El equipo angelino se llevó un sexto encuentro vibrante donde Blake Griffin alcanzó los 26 puntos. Sublime Marco Belinelli desde el perímetro (7/11) para 23 tantos.
Chris
Paul y Blake Griffin no
quieren irse tan pronto a casa.
Quieren más y pueden lograrlo. Lo que siempre les faltó
es una suerte, que por esquiva, mina
cualquier tipo de opción de hacer historia, de colgar en el Staples
Center su primer banderín de campeón.
Por ello no perdieron los nervios, a pesar de que Chris Paul empezó
mal, rematadamente mal los primeros 24 minutos. El base anotó cuatro
puntos, todos ellos desde la personal, hasta el descanso. Su
primera canasta en juego fue en el tercero (4:46).
Su desaparición
tuvo
que ser paliada por la pareja interior de Rivers: Blake Griffin llegó
a los 8 tantos en la primera mitad y DeAndre
Jordan,
a 15. El pívot no volvería a anotar y sufrió muy, muy pronto el
Hack
a su
persona. Respondió algo mejor que en el resto de la serie, pero
sigue siendo un sufrimiento desde la línea de personal. Completó
una serie total de 7/15, un 46,7% (llevaba acumulado un 38,6%).
La
aportación de ambos fue una necesidad ante lo que se les vino
encima. Hay algo especial en los Spurs, pero siempre hay alguien que
da un paso adelante cuando las cosas se encasquillan. Normalmente,
suele ser cualquiera de su Big-Three
o
Kawhi
Leonard,
pero que aparezca otro protagonista no es una gran sorpresa. Hoy
le toco la china a Marco
Belinelli.
El italiano estuvo superlativo desde el perímetro. Fue
Vasili Záitsev en Stalingrado alcanzando el 7/11,
con dos momentos claves: en el segundo cuarto cuando hizo bingo
cuatro
veces seguidas (41-32), y al final del duelo. En su primera gran
aparición no pudo evitar que se llegará al descanso con empate. Las
leyes del baloncesto no iban a dejar escapar a nadie (51-51)
Con
la segunda parte en juego, los Clippers trataron de dar un latigazo
al encuentro con un parcial 2-11 que dejó a los Spurs dos minutos
sin anotar y una diferencia de relativa calma (53-62), que se volvió
a encoger antes del último acto (72-76), donde quedaría lo mejor:
la vuelta al partido de Chris Paul. El
base conectó cinco puntos seguidos (78-85) que
no sólo dieron la ventaja vital para que los Clippers se llevaran el
partido y alargaran la eliminatoria hasta el séptimo partido, sino
que acabó con una sequía de casi tres minutos que estaba
adormeciendo el encuentro. Desde ese momento, los nervios para
Rivers. Cuando todo estaba finiquitado (90-96, 1:24), resurgió
Belinelli: dos triples más seguidos y de nuevo todos muy juntitos:
93-96 y
posesión para empatar del MVP
de las pasadas Finales, Kawhi Leonard
que no acertó en su triple liberado.
Con
96-100 y 10 segundos, el italiano volvió a lanzar de tres y en el
momento en que el balón decidía si entraba o no, Diaw,
primero y Griffin, después, tocaron el balón.
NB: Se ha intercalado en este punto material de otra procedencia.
lemma msg_designated_sender:
  "card (U - Sf) \<noteq> 1 \<Longrightarrow> u = ustar (U - Sf)
     \<Longrightarrow> msg Sf \<omega> ustar off cof U u
           = xor_segments \<omega> U (card (U - Sf) - 1) (cof U) (U - Sf - {u})"
  unfolding msg_def xor_segments_def Let_def by auto

lemma msg_other_sender:
  "card (U - Sf) \<noteq> 1 \<Longrightarrow> u \<noteq> ustar (U - Sf)
     \<Longrightarrow> msg Sf \<omega> ustar off cof U u
           = xor_segments \<omega> U (card (U - Sf) - 1) (\<lambda>_. off U u) (U - {u})"
  unfolding msg_def xor_segments_def Let_def by auto

text \<open>Every other component of such an XOR is a segment of a block Gamma_{f, U - {v}} with
v \<noteq> w, which w caches.\<close>

lemma knows_xor_segment:
  assumes "xor_segments \<omega> U n g V \<in> Msgs" "w \<in> V" "w \<in> U"
    and "\<forall>v \<in> V - {w}. g v < n"
  shows "knows Msgs w (\<omega> w, U - {w}, n, g w)"
proof (rule knows.decode[OF assms(1)])
  show "(\<omega> w, U - {w}, n, g w) \<in> xor_segments \<omega> U n g V"
    using assms(2) unfolding xor_segments_def by blast
  show "\<forall>p \<in> xor_segments \<omega> U n g V - {(\<omega> w, U - {w}, n, g w)}. knows Msgs w p"
    using assms(3,4) unfolding xor_segments_def by (auto intro: knows.cached)
qed

lemma mlen_xor_segments:
  assumes "finite V" "V \<noteq> {}" "V \<subseteq> U"
  shows "mlen K q r I (xor_segments \<omega> U n g V)
           = q ^ (card U - 1) * (1 - q) ^ (K - (card U - 1)) * real I / r / real n"
proof -
  define c where "c = q ^ (card U - 1) * (1 - q) ^ (K - (card U - 1)) * real I / r / real n"
  obtain v where "v \<in> V" using assms(2) by blast
  then have "(\<omega> v, U - {v}, n, g v) \<in> xor_segments \<omega> U n g V"
    unfolding xor_segments_def by blast
  moreover have "plen K q r I p = c" if "p \<in> xor_segments \<omega> U n g V" for p
    using that assms(3) unfolding xor_segments_def plen_def blen_def c_def
    by (auto simp: card_Diff_singleton_if)
  ultimately have "plen K q r I ` xor_segments \<omega> U n g V = {c}"
    by (metis image_constant image_cong)
  then show ?thesis unfolding mlen_def c_def by simp
qed

lemma mlen_msg:
  assumes "finite U" "2 \<le> card U" "u \<in> U - Sf"
  shows "mlen K q r I (msg Sf \<omega> ustar off cof U u)
           = q ^ (card U - 1) * (1 - q) ^ (K - (card U - 1)) * real I / r
               / real (if card (U - Sf) = 1 then 1 else card (U - Sf) - 1)"
proof -
  have nonempty: "U - {u} \<noteq> {}"
  proof
    assume "U - {u} = {}"
    then have "card U \<le> card {u}" using assms(1) by (intro card_mono) auto
    with assms(2) show False by simp
  qed
  have nonempty_nonselfish: "U - Sf - {u} \<noteq> {}" if "card (U - Sf) \<noteq> 1"
  proof
    assume "U - Sf - {u} = {}"
    then have "U - Sf = {u}" using assms(3) by blast
    with that show False by simp
  qed
  have "finite (U - {u})" "finite (U - Sf - {u})" using assms(1) by simp_all
  consider "card (U - Sf) = 1"
    | "card (U - Sf) \<noteq> 1" "u = ustar (U - Sf)"
    | "card (U - Sf) \<noteq> 1" "u \<noteq> ustar (U - Sf)"
    by blast
  then show ?thesis
  proof cases
    case 1
    then show ?thesis
      unfolding msg_one_nonselfish[OF 1]
      using nonempty \<open>finite (U - {u})\<close> by (subst mlen_xor_segments) auto
  next
    case 2
    then show ?thesis
      unfolding msg_designated_sender[where ustar = ustar, OF 2]
      using nonempty_nonselfish \<open>finite (U - Sf - {u})\<close> by (subst mlen_xor_segments) auto
  next
    case 3
    then show ?thesis
      unfolding msg_other_sender[where ustar = ustar, OF 3]
      using nonempty \<open>finite (U - {u})\<close> by (subst mlen_xor_segments) auto
  qed
qed

subsection \<open>Decoding\<close>

definition delivered :: "nat \<Rightarrow> nat set \<Rightarrow> (nat \<Rightarrow> nat) \<Rightarrow> (nat set \<Rightarrow> nat) \<Rightarrow> piece set set" where
  "delivered K Sf \<omega> ustar =
     (\<lambda>(U, u). msg Sf \<omega> ustar (seg_offset Sf ustar) (seg_offset Sf ustar) U u) ` tx_index K Sf"

lemma msg_in_delivered:
  assumes "U \<subseteq> {..<K}" "2 \<le> card U" "u \<in> U - Sf"
  shows "msg Sf \<omega> ustar (seg_offset Sf ustar) (seg_offset Sf ustar) U u \<in> delivered K Sf \<omega> ustar"
  using assms unfolding delivered_def tx_index_def by force

lemma recovered_one_nonselfish:
  assumes "U \<subseteq> {..<K}" "w \<in> U" "U - Sf = {x}" "x \<noteq> w"
  shows "recovered (delivered K Sf \<omega> ustar) w (\<omega> w) (U - {w})"
proof -
  have "card {w, x} \<le> card U"
    using assms finite_subset by (intro card_mono) auto
  then have "2 \<le> card U" using assms(4) by simp
  moreover have "x \<in> U - Sf" using assms(3) by blast
  ultimately have "msg Sf \<omega> ustar (seg_offset Sf ustar) (seg_offset Sf ustar) U x
                     \<in> delivered K Sf \<omega> ustar"
    by (rule msg_in_delivered[OF assms(1)])
  then have "xor_segments \<omega> U 1 (\<lambda>_. 0) (U - {x}) \<in> delivered K Sf \<omega> ustar"
    using assms(3) by (simp add: msg_one_nonselfish)
  then have "knows (delivered K Sf \<omega> ustar) w (\<omega> w, U - {w}, 1, 0)"
    using assms(2,4) by (auto dest: knows_xor_segment)
  then show ?thesis unfolding recovered_def by (intro exI[of _ 1]) auto
qed

lemma recovered_several_nonselfish:
  assumes ustar: "\<forall>T. T \<noteq> {} \<longrightarrow> ustar T \<in> T"
    and U: "U \<subseteq> {..<K}" "w \<in> U" "2 \<le> card (U - Sf)"
  shows "recovered (delivered K Sf \<omega> ustar) w (\<omega> w) (U - {w})"
proof -
  define A where "A = U - Sf - {ustar (U - Sf)}"
  define n where "n = card (U - Sf) - 1"
  have fU: "finite U" using U(1) finite_subset by blast
  then have fA: "finite A" unfolding A_def by simp
  have cU: "2 \<le> card U" using U(3) card_mono[OF fU, of "U - Sf"] by auto
  have n1: "card (U - Sf) \<noteq> 1" using U(3) by simp
  have "U - Sf \<noteq> {}" using U(3) by (metis card.empty not_numeral_le_zero)
  then have u0: "ustar (U - Sf) \<in> U - Sf" by (rule mp[OF spec[OF ustar]])
  then have cA: "card A = n" using fU unfolding A_def n_def by (simp add: card_Diff_singleton)
  have "knows (delivered K Sf \<omega> ustar) w (\<omega> w, U - {w}, n, k)" if "k < n" for k
  proof -
    have "k \<in> rank_in A ` A" using bij_betw_rank_in[OF fA] that cA by (simp add: bij_betw_def)
    then obtain u where u: "u \<in> A" "rank_in A u = k" by blast
    show ?thesis
    proof (cases "u = w")
      case True
      have "msg Sf \<omega> ustar (seg_offset Sf ustar) (seg_offset Sf ustar) U (ustar (U - Sf))
              \<in> delivered K Sf \<omega> ustar"
        using msg_in_delivered[OF U(1) cU] u0 by blast
      then have "xor_segments \<omega> U n (rank_in A) A \<in> delivered K Sf \<omega> ustar"
        using n1 by (simp add: msg_designated_sender n_def A_def seg_offset_def)
      then show ?thesis
        using knows_xor_segment[of \<omega> U n "rank_in A" A _ w] rank_in_less_card[OF fA] cA
          True u U(2) by auto
    next
      case False
      have "u \<noteq> ustar (U - Sf)" "u \<in> U - Sf" using u unfolding A_def by auto
      moreover from this(2) have
        "msg Sf \<omega> ustar (seg_offset Sf ustar) (seg_offset Sf ustar) U u \<in> delivered K Sf \<omega> ustar"
        by (rule msg_in_delivered[OF U(1) cU])
      ultimately have "xor_segments \<omega> U n (\<lambda>_. k) (U - {u}) \<in> delivered K Sf \<omega> ustar"
        using n1 u by (simp add: msg_other_sender n_def A_def seg_offset_def)
      then show ?thesis
        using knows_xor_segment[of \<omega> U n "\<lambda>_. k" "U - {u}" _ w] False U(2) that by auto
    qed
  qed
  moreover have "0 < n" using U(3) unfolding n_def by simp
  ultimately show ?thesis unfolding recovered_def by blast
qed

lemma recovered_delivered:
  assumes ustar: "\<forall>T. T \<noteq> {} \<longrightarrow> ustar T \<in> T"
    and "w < K" "P \<subseteq> {..<K}" "\<not> P \<subseteq> Sf"
  shows "recovered (delivered K Sf \<omega> ustar) w (\<omega> w) P"
proof (cases "w \<in> P")
  case True
  then show ?thesis unfolding recovered_def by (intro exI[of _ 1]) (auto intro: knows.cached)
next
  case False
  define U where "U = insert w P"
  have P: "P = U - {w}" using False unfolding U_def by auto
  have U: "U \<subseteq> {..<K}" "w \<in> U" using assms(2,3) unfolding U_def by auto
  obtain x where x: "x \<in> P" "x \<notin> Sf" using assms(4) by auto
  then have "x \<in> U - Sf" "x \<noteq> w" using False unfolding U_def by auto
  have "finite (U - Sf)" using U(1) finite_subset by blast
  then have "card (U - Sf) \<noteq> 0" using \<open>x \<in> U - Sf\<close> by auto
  then consider "card (U - Sf) = 1" | "2 \<le> card (U - Sf)" by linarith
  then show ?thesis
  proof cases
    case 1
    then have "U - Sf = {x}" using \<open>x \<in> U - Sf\<close> by (metis card_1_singletonE singletonD)
    then show ?thesis unfolding P by (rule recovered_one_nonselfish[OF U _ \<open>x \<noteq> w\<close>])
  next
    case 2
    then show ?thesis unfolding P by (rule recovered_several_nonselfish[OF ustar U])
  qed
qed

lemma sum_blen_not_subset:
  assumes "Sf \<subseteq> {..<K}"
  shows "(\<Sum>P | P \<subseteq> {..<K} \<and> \<not> P \<subseteq> Sf. blen K q r I P)
           = (1 - (1 - q) ^ (K - card Sf)) * real I / r"
proof -
  let ?g = "\<lambda>P. q ^ card P * (1 - q) ^ (K - card P)"
  let ?N = "{P. P \<subseteq> {..<K} \<and> \<not> P \<subseteq> Sf}"
  have fS: "finite Sf" using assms finite_subset by blast
  have SK: "card Sf \<le> K" using card_mono[OF _ assms] by simp
  have all: "(\<Sum>P\<in>Pow {..<K}. ?g P) = 1"
    using sum_Pow_binomial[of "{..<K}" q "1 - q"] by simp
  have "(\<Sum>P\<in>Pow Sf. ?g P)
          = (\<Sum>P\<in>Pow Sf. (1 - q) ^ (K - card Sf) * (q ^ card P * (1 - q) ^ (card Sf - card P)))"
  proof (rule sum.cong[OF refl])
    fix P assume "P \<in> Pow Sf"
    then have "card P \<le> card Sf" using fS by (intro card_mono) auto
    then have "K - card P = (K - card Sf) + (card Sf - card P)" using SK by simp
    then show "?g P = (1 - q) ^ (K - card Sf) * (q ^ card P * (1 - q) ^ (card Sf - card P))"
      by (simp add: power_add)
  qed
  also have "\<dots> = (1 - q) ^ (K - card Sf)"
    using sum_Pow_binomial[OF fS, of q "1 - q"] by (simp flip: sum_distrib_left)
  finally have selfish: "(\<Sum>P\<in>Pow Sf. ?g P) = (1 - q) ^ (K - card Sf)" .
  have split: "Pow {..<K} = Pow Sf \<union> ?N" using assms by blast
  have fN: "finite ?N" by (rule finite_subset[of _ "Pow {..<K}"]) auto
  have "(\<Sum>P\<in>Pow {..<K}. ?g P) = (\<Sum>P\<in>Pow Sf. ?g P) + (\<Sum>P\<in>?N. ?g P)"
    unfolding split by (rule sum.union_disjoint) (use fS fN in auto)
  then have "(\<Sum>P\<in>?N. ?g P) = 1 - (1 - q) ^ (K - card Sf)"
    using all selfish by linarith
  moreover have "(\<Sum>P\<in>?N. blen K q r I P) = (\<Sum>P\<in>?N. ?g P) * real I / r"
    unfolding blen_def sum_distrib_right sum_divide_distrib by simp
  ultimately show ?thesis by simp
qed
Los árbitros entendieron que el ala-pívot de los Clippers había
interferido ilegalmente en la jugada y daban el triple por válido.
El
contagio DeAndre Jordan. Pero
unas repeticiones más tarde, los colegiales cayeron en su error y no
dieron por buena la canasta. Y ahí sí que acabó el duelo, pero no
una eliminatoria que dictará sentencia en Los Ángeles. Mientras,
en su casa, James
Harden se
acaricia la barba a la espera de su rival en semifinales.